Records from a collection
**********

(* Assume (A1)–(A4) and let $b$ be consistent. Then the ADMM sequences $\{x_k\}$ and $\{y_k\}$ are bounded and $$\sum_{k=1}^\infty\big(D_{\mu_k}f(y_{k+1},y_k)+E_k\big)<\infty.$$ In particular $Ax_k\to b$, $Wx_k-y_k\to0$ and $y_{k+1}-y_k\to0$ as $k\to\infty$.
   Context: $\mathcal X,\mathcal Y,\mathcal H$ are real Hilbert spaces. Standing assumptions: (A1) $A:\mathcal X\to\mathcal H$ is bounded linear. (A2) $f:\mathcal Y\to(-\infty,\infty]$ is proper, lower semicontinuous and strongly convex with constant $c_0>0$: $f(ty_1+(1-t)y_2)+c_0t(1-t)\|y_1-y_2\|^2\le tf(y_1)+(1-t)f(y_2)$ for all $y_1,y_2$, $t\in[0,1]$. (A3) $W:\mathscr D(W)\subset\mathcal X\to\mathcal Y$ is a densely defined closed linear operator. (A4) There is $c_1>0$ with $\|Ax\|^2+\|Wx\|^2\ge c_1\|x\|^2$ for all $x\in\mathscr D(W)$. $\mathscr D(f)=\{y:f(y)<\infty\}$; $b\in\mathcal H$ is consistent if $b=Ax$ for some $x\in\mathscr D(W)$ with $Wx\in\mathscr D(f)$. ADMM: fix $\rho_1,\rho_2>0$ and initial $y_0\in\mathcal Y$, $\lambda_0\in\mathcal H$, $\mu_0\in\mathcal Y$. For $k=0,1,\dots$: $x_{k+1}=\arg\min_{x\in\mathscr D(W)}\{\langle\lambda_k,Ax\rangle+\langle\mu_k,Wx\rangle+\frac{\rho_1}{2}\|Ax-b\|^2+\frac{\rho_2}{2}\|Wx-y_k\|^2\}$, $y_{k+1}=\arg\min_{y\in\mathcal Y}\{f(y)-\langle\mu_k,y\rangle+\frac{\rho_2}{2}\|Wx_{k+1}-y\|^2\}$, $\lambda_{k+1}=\lambda_k+\rho_1(Ax_{k+1}-b)$, $\mu_{k+1}=\mu_k+\rho_2(Wx_{k+1}-y_{k+1})$. (These minimizers exist and are unique.) Residuals $r_k=Ax_k-b$, $s_k=Wx_k-y_k$ and $E_k=\rho_1\|r_k\|^2+\rho_2\|s_k\|^2+\rho_2\|y_k-y_{k-1}\|^2$ for $k\ge1$. One has $\mu_k\in\partial f(y_k)$ for $k\ge1$. Bregman distance: for $y$ with $\mu\in\partial f(y)$, $D_\mu f(\bar y,y)=f(\bar y)-f(y)-\langle\mu,\bar y-y\rangle$. *)

theory Defs
  imports "HOL-Analysis.Analysis"
begin

definition proper_fun :: "('y \<Rightarrow> ereal) \<Rightarrow> bool" where
  "proper_fun f \<longleftrightarrow> (\<forall>y. f y \<noteq> -\<infinity>) \<and> (\<exists>y. f y < \<infinity>)"

definition lsc_fun :: "('y::topological_space \<Rightarrow> ereal) \<Rightarrow> bool" where
  "lsc_fun f \<longleftrightarrow> (\<forall>c::real. closed {y. f y \<le> ereal c})"

definition strongly_convex :: "('y::real_normed_vector \<Rightarrow> ereal) \<Rightarrow> real \<Rightarrow> bool" where
  "strongly_convex f c0 \<longleftrightarrow>
     (\<forall>y1 y2. \<forall>t::real. 0 \<le> t \<and> t \<le> 1 \<longrightarrow>
        f (t *\<^sub>R y1 + (1 - t) *\<^sub>R y2) + ereal (c0 * t * (1 - t) * (norm (y1 - y2))\<^sup>2)
          \<le> ereal t * f y1 + ereal (1 - t) * f y2)"

definition effdom :: "('y \<Rightarrow> ereal) \<Rightarrow> 'y set" where
  "effdom f = {y. f y < \<infinity>}"

definition subdiff :: "('y::real_inner \<Rightarrow> ereal) \<Rightarrow> 'y \<Rightarrow> 'y set" where
  "subdiff f y = {mu. \<forall>z. f y + ereal (inner mu (z - y)) \<le> f z}"

definition bregman :: "('y::real_inner \<Rightarrow> ereal) \<Rightarrow> 'y \<Rightarrow> 'y \<Rightarrow> 'y \<Rightarrow> ereal" where
  "bregman f mu ybar y = f ybar - f y - ereal (inner mu (ybar - y))"

definition dd_closed_linear_op :: "'x::real_normed_vector set \<Rightarrow> ('x \<Rightarrow> 'y::real_normed_vector) \<Rightarrow> bool" where
  "dd_closed_linear_op DW W \<longleftrightarrow>
     subspace DW \<and>
     (\<forall>x\<in>DW. \<forall>z\<in>DW. W (x + z) = W x + W z) \<and>
     (\<forall>c. \<forall>x\<in>DW. W (c *\<^sub>R x) = c *\<^sub>R W x) \<and>
     closure DW = UNIV \<and>
     closed ((\<lambda>x. (x, W x)) ` DW)"

end

theory Submission
  imports Defs
begin

text \<open>
Fix xh \<in> D(W) with A xh = b and f(W xh) < \<infinity>, and put yh = W xh. The first-order condition
of the x-step, tested with x_{k+1} - x_k and with xh - x_{k+1}, and the strong subgradient
inequality of the y-step show that
  L_k = D_{\<mu>_k} f(yh, y_k) - \<rho>_2 <y_k - y_{k-1}, yh - y_k> + \<rho>_2 / (2 c_0) E_k + \<rho>_2 |y_k - y_{k-1}|^2
satisfies L_{k+1} \<le> L_k - E_{k+1} / 2 - D_{\<mu>_k} f(y_{k+1}, y_k) for k \<ge> 1, while Young's
inequality gives L_k \<ge> c_0 / 2 |yh - y_k|^2 \<ge> 0. Telescoping bounds the series and |yh - y_k|;
the coercivity (A4) then bounds x_k - xh.
\<close>

lemma linear_plus_quadratic_nonneg_imp_zero:
  fixes G C :: real
  assumes "C \<ge> 0" and nonneg: "\<And>t. 0 \<le> t * G + t\<^sup>2 * C"
  shows "G = 0"
proof -
  have "(- G / (C + 1)) * G + (- G / (C + 1))\<^sup>2 * C = - G\<^sup>2 / (C + 1)\<^sup>2"
    using \<open>C \<ge> 0\<close> by (simp add: power2_eq_square divide_simps) (simp add: algebra_simps)
  then have "G\<^sup>2 / (C + 1)\<^sup>2 \<le> 0"
    using nonneg[of "- G / (C + 1)"] by linarith
  then show ?thesis
    using \<open>C \<ge> 0\<close> by (simp add: divide_le_0_iff)
qed

lemma le_of_le_add_mult_small:
  fixes X Y K :: real
  assumes "K \<ge> 0" and le: "\<And>t. 0 < t \<Longrightarrow> t < 1 \<Longrightarrow> X \<le> Y + t * K"
  shows "X \<le> Y"
proof (rule field_le_epsilon)
  fix e :: real assume "e > 0"
  define t where "t = min (1/2) (e / (K + 1))"
  have "0 < t" "t < 1" using \<open>e > 0\<close> \<open>K \<ge> 0\<close> by (auto simp: t_def)
  have "t * K \<le> e / (K + 1) * K" using \<open>K \<ge> 0\<close> by (intro mult_right_mono) (auto simp: t_def)
  also have "\<dots> \<le> e" using \<open>e > 0\<close> \<open>K \<ge> 0\<close> by (simp add: field_simps)
  finally show "X \<le> Y + e" using le[OF \<open>0 < t\<close> \<open>t < 1\<close>] by linarith
qed

lemma telescoping_sum_le:
  fixes u g :: "nat \<Rightarrow> real"
  assumes "\<And>n. u (Suc n) + g n \<le> u n"
  shows "u n + (\<Sum>j<n. g j) \<le> u 0"
  using assms by (induction n) (auto intro: order_trans[rotated])

lemma norm_add_scaleR_power2:
  fixes p q :: "'a::real_inner"
  shows "(norm (p + t *\<^sub>R q))\<^sup>2 = (norm p)\<^sup>2 + 2 * t * inner p q + t\<^sup>2 * (norm q)\<^sup>2"
  unfolding power2_norm_eq_inner by (simp add: inner_simps inner_commute power2_eq_square algebra_simps)

lemma power2_norm_diff_le:
  fixes p q :: "'a::real_normed_vector"
  shows "(norm (p - q))\<^sup>2 \<le> 2 * (norm p)\<^sup>2 + 2 * (norm q)\<^sup>2"
proof -
  have "(norm (p - q))\<^sup>2 \<le> (norm p + norm q)\<^sup>2"
    using norm_triangle_ineq4[of p q] by (simp add: power_mono)
  also have "\<dots> \<le> 2 * (norm p)\<^sup>2 + 2 * (norm q)\<^sup>2"
    using zero_le_power2[of "norm p - norm q"] by (simp add: power2_sum power2_diff)
  finally show ?thesis .
qed

lemma mult_inner_le_young:
  fixes u v :: "'a::real_inner"
  assumes "c > 0"
  shows "r * inner u v \<le> c / 2 * (norm v)\<^sup>2 + r\<^sup>2 / (2 * c) * (norm u)\<^sup>2"
proof -
  have "0 \<le> (norm (c *\<^sub>R v - r *\<^sub>R u))\<^sup>2" by simp
  then have "2 * c * (r * inner u v) \<le> c\<^sup>2 * (norm v)\<^sup>2 + r\<^sup>2 * (norm u)\<^sup>2"
    unfolding power2_norm_eq_inner by (simp add: inner_simps inner_commute algebra_simps power2_eq_square)
  also have "\<dots> = 2 * c * (c / 2 * (norm v)\<^sup>2 + r\<^sup>2 / (2 * c) * (norm u)\<^sup>2)"
    using assms by (simp add: field_simps power2_eq_square)
  finally show ?thesis using assms by simp
qed
lemma difference_quotient_sequence_tendsto:
  fixes F :: "'a::real_normed_vector \<Rightarrow> real"
  assumes "((\<lambda>s. F (x + s *\<^sub>R e)) has_real_derivative D) (at 0)"
  shows "(\<lambda>n. (F (x + inverse (real (Suc n)) *\<^sub>R e) - F x) / inverse (real (Suc n))) \<longlonglongrightarrow> D"
proof -
  have "F (x + 0 *\<^sub>R e) = F x" by simp
  with assms have "((\<lambda>s. (F (x + s *\<^sub>R e) - F x) / s) \<longlongrightarrow> D) (at 0)"
    unfolding has_field_derivative_iff by simp
  moreover have "filterlim (\<lambda>n. inverse (real (Suc n))) (at 0) sequentially"
    unfolding filterlim_at using LIMSEQ_inverse_real_of_nat by auto
  ultimately show ?thesis by (rule filterlim_compose)
qed

text \<open>The difference quotients in direction \<open>e\<close> have integral \<open>0\<close> over the cube by translation
  invariance, and converge boundedly to the derivative.\<close>

lemma integral_unit_cube_periodic_derivative:
  fixes F :: "real^'n \<Rightarrow> real"
  assumes differentiable: "\<And>x. F differentiable (at x)" and periodic: "Zn_periodic F"
    and continuous: "continuous_on UNIV (\<lambda>x. frechet_derivative F (at x) e)"
  shows "integral unit_cube (\<lambda>x. frechet_derivative F (at x) e) = 0"
proof -
  define G where "G x = frechet_derivative F (at x) e" for x
  define h where "h n x = (F (x + inverse (real (Suc n)) *\<^sub>R e) - F x) / inverse (real (Suc n))" for n x
  have F': "\<And>y. (F has_derivative frechet_derivative F (at y)) (at y)"
    using differentiable frechet_derivative_works by blast
  have "Zn_periodic (\<lambda>x. frechet_derivative F (at x) e)"
    by (rule Zn_periodic_comp[OF Zn_periodic_frechet_derivative[OF differentiable periodic]])
  then obtain B where B: "\<And>x. \<bar>G x\<bar> \<le> B"
    unfolding G_def using periodic_continuous_bounded[OF continuous] by blast
  have h_integral: "(h n has_integral 0) unit_cube" for n
    unfolding h_def[abs_def] using differentiable_imp_continuous_on_UNIV[OF differentiable] periodic
    by (rule has_integral_unit_cube_periodic_difference)
  have "(\<lambda>n. h n x) \<longlonglongrightarrow> G x" for x
    unfolding h_def G_def
    using has_real_derivative_along_line[OF F', of x e 0] by (intro difference_quotient_sequence_tendsto) simp
  moreover have "norm (h n x) \<le> B" for n x
    using B[unfolded G_def] unfolding h_def real_norm_def
    by (rule difference_quotient_bounded[OF F']) simp
  ultimately have "(\<lambda>n. integral unit_cube (h n)) \<longlonglongrightarrow> integral unit_cube G"
  proof (intro dominated_convergence(2)[where h="\<lambda>x. B"])
    show "h n integrable_on unit_cube" for n using h_integral by blast
    show "(\<lambda>x. B) integrable_on unit_cube"
      unfolding unit_cube_def by (rule integrable_continuous) (rule continuous_on_const)
  qed simp_all
  moreover have "integral unit_cube (h n) = 0" for n using h_integral by blast
  ultimately have "(\<lambda>n. 0) \<longlonglongrightarrow> integral unit_cube G" by simp
  then have "0 = integral unit_cube G" by (rule LIMSEQ_unique[OF tendsto_const])
  then show ?thesis unfolding G_def by simp
qed

lemma grad_nth: "grad f x $ i = frechet_derivative f (at x) (axis i 1)"
  by (simp add: grad_def)

lemma hess_nth: "hess f x $ i $ j = frechet_derivative (\<lambda>y. grad f y $ i) (at x) (axis j 1)"
  by (simp add: hess_def)

lemma frechet_derivative_axis_expansion:
  assumes "f differentiable (at x)"
  shows "frechet_derivative f (at x) (v::real^'n) = (\<Sum>j\<in>UNIV. v $ j * frechet_derivative f (at x) (axis j 1))"
proof -
  have "linear (frechet_derivative f (at x))"
    using assms frechet_derivative_works has_derivative_linear by blast
  moreover have "v = (\<Sum>j\<in>UNIV. v $ j *\<^sub>R axis j 1)"
    by (simp add: vec_eq_iff axis_def sum_component if_distrib cong: if_cong)
  then have "frechet_derivative f (at x) v = frechet_derivative f (at x) (\<Sum>j\<in>UNIV. v $ j *\<^sub>R axis j 1)"
    by simp
  ultimately show ?thesis by (simp add: linear_sum linear_scale)
qed

lemma grad_has_derivative_hess:
  fixes f :: "real^'n \<Rightarrow> real"
  assumes "\<And>i. (\<lambda>y. grad f y $ i) differentiable (at x)"
  shows "(grad f has_derivative (\<lambda>v. hess f x *v v)) (at x)"
proof -
  have "((\<lambda>y. grad f y \<bullet> b) has_derivative (\<lambda>v. (hess f x *v v) \<bullet> b)) (at x)" if b: "b \<in> Basis" for b
  proof -
    obtain i where i: "b = axis i 1" using b by (auto simp: Basis_vec_def)
    have "frechet_derivative (\<lambda>y. grad f y $ i) (at x) v = (hess f x *v v) $ i" for v
      by (subst frechet_derivative_axis_expansion[OF assms])
        (simp add: matrix_vector_mult_def hess_nth mult.commute)
    then have "frechet_derivative (\<lambda>y. grad f y $ i) (at x) = (\<lambda>v. (hess f x *v v) $ i)" ..
    moreover have "((\<lambda>y. grad f y $ i) has_derivative frechet_derivative (\<lambda>y. grad f y $ i) (at x)) (at x)"
      using assms frechet_derivative_works by blast
    ultimately have "((\<lambda>y. grad f y $ i) has_derivative (\<lambda>v. (hess f x *v v) $ i)) (at x)"
      by (simp only:)
    then show ?thesis unfolding i cart_eq_inner_axis[symmetric] .
  qed
  then show ?thesis by (subst has_derivative_componentwise_within) (rule ballI)
qed

lemma continuous_on_grad_nth: "smooth_Rn f \<Longrightarrow> continuous_on UNIV (\<lambda>x. grad f x $ i)"
  unfolding grad_nth by (rule smooth_Rn_continuous_on_frechet_derivative)

lemma continuous_on_hess_nth: "smooth_Rn f \<Longrightarrow> continuous_on UNIV (\<lambda>x. hess f x $ i $ j)"
  unfolding hess_nth grad_nth by (intro smooth_Rn_continuous_on_frechet_derivative smooth_Rn_frechet_derivative)

text \<open>The integrand is the partial derivative \<open>\<partial>\<^sub>i (q\<^sup>2 \<partial>\<^sub>i\<phi> / 2)\<close> of a periodic function.\<close>

lemma integral_unit_cube_partial_half_square:
  fixes q \<phi> :: "real^'n \<Rightarrow> real"
  assumes q: "smooth_Rn q" "Zn_periodic q" and \<phi>: "smooth_Rn \<phi>" "Zn_periodic \<phi>"
  shows "((\<lambda>x. q x * grad q x $ i * grad \<phi> x $ i + (q x)^2 * hess \<phi> x $ i $ i / 2) has_integral 0) unit_cube"
proof -
  define \<psi> where "\<psi> y = grad \<phi> y $ i" for y
  define F where "F x = (q x)^2 * \<psi> x / 2" for x
  have \<psi>: "smooth_Rn \<psi>" unfolding \<psi>_def grad_nth using smooth_Rn_frechet_derivative[OF \<phi>(1)] .
  have F': "(F has_derivative (\<lambda>v. q x * frechet_derivative q (at x) v * \<psi> x
      + (q x)^2 * frechet_derivative \<psi> (at x) v / 2)) (at x)" for x
    unfolding F_def[abs_def]
    by (auto intro!: derivative_eq_intros smooth_Rn_has_derivative q(1) \<psi>
        simp: fun_eq_iff algebra_simps power2_eq_square)
  then have partial_F: "frechet_derivative F (at x) (axis i 1)
      = q x * grad q x $ i * grad \<phi> x $ i + (q x)^2 * hess \<phi> x $ i $ i / 2" for x
    unfolding frechet_derivative_at[OF F'[of x], symmetric] by (simp add: \<psi>_def[abs_def] grad_nth hess_nth)
  have continuous: "continuous_on UNIV (\<lambda>x. q x * grad q x $ i * grad \<phi> x $ i + (q x)^2 * hess \<phi> x $ i $ i / 2)"
  proof -
    define a b c where "a x = grad q x $ i" and "b x = grad \<phi> x $ i" and "c x = hess \<phi> x $ i $ i" for x
    have "continuous_on UNIV a" "continuous_on UNIV b" "continuous_on UNIV c"
      unfolding a_def[abs_def] b_def[abs_def] c_def[abs_def]
      by (simp_all add: continuous_on_grad_nth q(1) \<phi>(1) continuous_on_hess_nth)
    then have "continuous_on UNIV (\<lambda>x. q x * a x * b x + (q x)^2 * c x / 2)"
      by (intro continuous_intros smooth_Rn_continuous_on[OF q(1)]) auto
    then show ?thesis unfolding a_def b_def c_def .
  qed
  have "Zn_periodic \<psi>"
    unfolding \<psi>_def grad_nth
    by (rule Zn_periodic_comp[OF Zn_periodic_frechet_derivative[OF smooth_Rn_differentiable[OF \<phi>(1)] \<phi>(2)]])
  then have "Zn_periodic F"
    using q(2) unfolding F_def Zn_periodic_iff by simp
  then have "integral unit_cube (\<lambda>x. frechet_derivative F (at x) (axis i 1)) = 0"
    using F' continuous unfolding partial_F[symmetric]
    by (intro integral_unit_cube_periodic_derivative) (auto simp: differentiable_def)
  then show ?thesis using continuous_has_integral_unit_cube[OF continuous] by (simp add: partial_F)
qed

lemma integral_unit_cube_grad_inner_laplacian:
  fixes q \<phi> :: "real^'n \<Rightarrow> real"
  assumes "smooth_Rn q" "Zn_periodic q" "smooth_Rn \<phi>" "Zn_periodic \<phi>"
  shows "((\<lambda>x. (grad q x \<bullet> grad \<phi> x) * q x + (q x)^2 * laplacian \<phi> x / 2) has_integral 0) unit_cube"
proof -
  have "((\<lambda>x. \<Sum>i\<in>UNIV. q x * grad q x $ i * grad \<phi> x $ i + (q x)^2 * hess \<phi> x $ i $ i / 2)
      has_integral (\<Sum>i\<in>(UNIV::'n set). 0)) unit_cube"
    by (intro has_integral_sum integral_unit_cube_partial_half_square assms) simp
  moreover have "(\<Sum>i\<in>UNIV. q x * grad q x $ i * grad \<phi> x $ i + (q x)^2 * hess \<phi> x $ i $ i / 2)
      = (grad q x \<bullet> grad \<phi> x) * q x + (q x)^2 * laplacian \<phi> x / 2" for x
    by (simp add: sum.distrib inner_vec_def laplacian_def sum_distrib_left sum_distrib_right
        sum_divide_distrib algebra_simps)
  ultimately show ?thesis by simp
qed

section \<open>The Brenier potential\<close>

definition brenier_potential :: "(real^'n \<Rightarrow> real) \<Rightarrow> real^'n \<Rightarrow> real" where
  "brenier_potential \<phi> y = norm y ^ 2 / 2 + \<phi> y"

lemma brenier_potential_eq: "brenier_potential \<phi> = (\<lambda>y. norm y ^ 2 / 2 + \<phi> y)"
  by (simp add: fun_eq_iff brenier_potential_def)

**********

■ **How to complete this task**
Please give back, exactly as it stands above, the stretch from the line with "f y \<bullet>" through the line with "UNIV (\<lambda>x. grad", and no line outside it.

■ **Task result**
  have "((\<lambda>y. grad f y \<bullet> b) has_derivative (\<lambda>v. (hess f x *v v) \<bullet> b)) (at x)" if b: "b \<in> Basis" for b
  proof -
    obtain i where i: "b = axis i 1" using b by (auto simp: Basis_vec_def)
    have "frechet_derivative (\<lambda>y. grad f y $ i) (at x) v = (hess f x *v v) $ i" for v
      by (subst frechet_derivative_axis_expansion[OF assms])
        (simp add: matrix_vector_mult_def hess_nth mult.commute)
    then have "frechet_derivative (\<lambda>y. grad f y $ i) (at x) = (\<lambda>v. (hess f x *v v) $ i)" ..
    moreover have "((\<lambda>y. grad f y $ i) has_derivative frechet_derivative (\<lambda>y. grad f y $ i) (at x)) (at x)"
      using assms frechet_derivative_works by blast
    ultimately have "((\<lambda>y. grad f y $ i) has_derivative (\<lambda>v. (hess f x *v v) $ i)) (at x)"
      by (simp only:)
    then show ?thesis unfolding i cart_eq_inner_axis[symmetric] .
  qed
  then show ?thesis by (subst has_derivative_componentwise_within) (rule ballI)
qed

lemma continuous_on_grad_nth: "smooth_Rn f \<Longrightarrow> continuous_on UNIV (\<lambda>x. grad f x $ i)"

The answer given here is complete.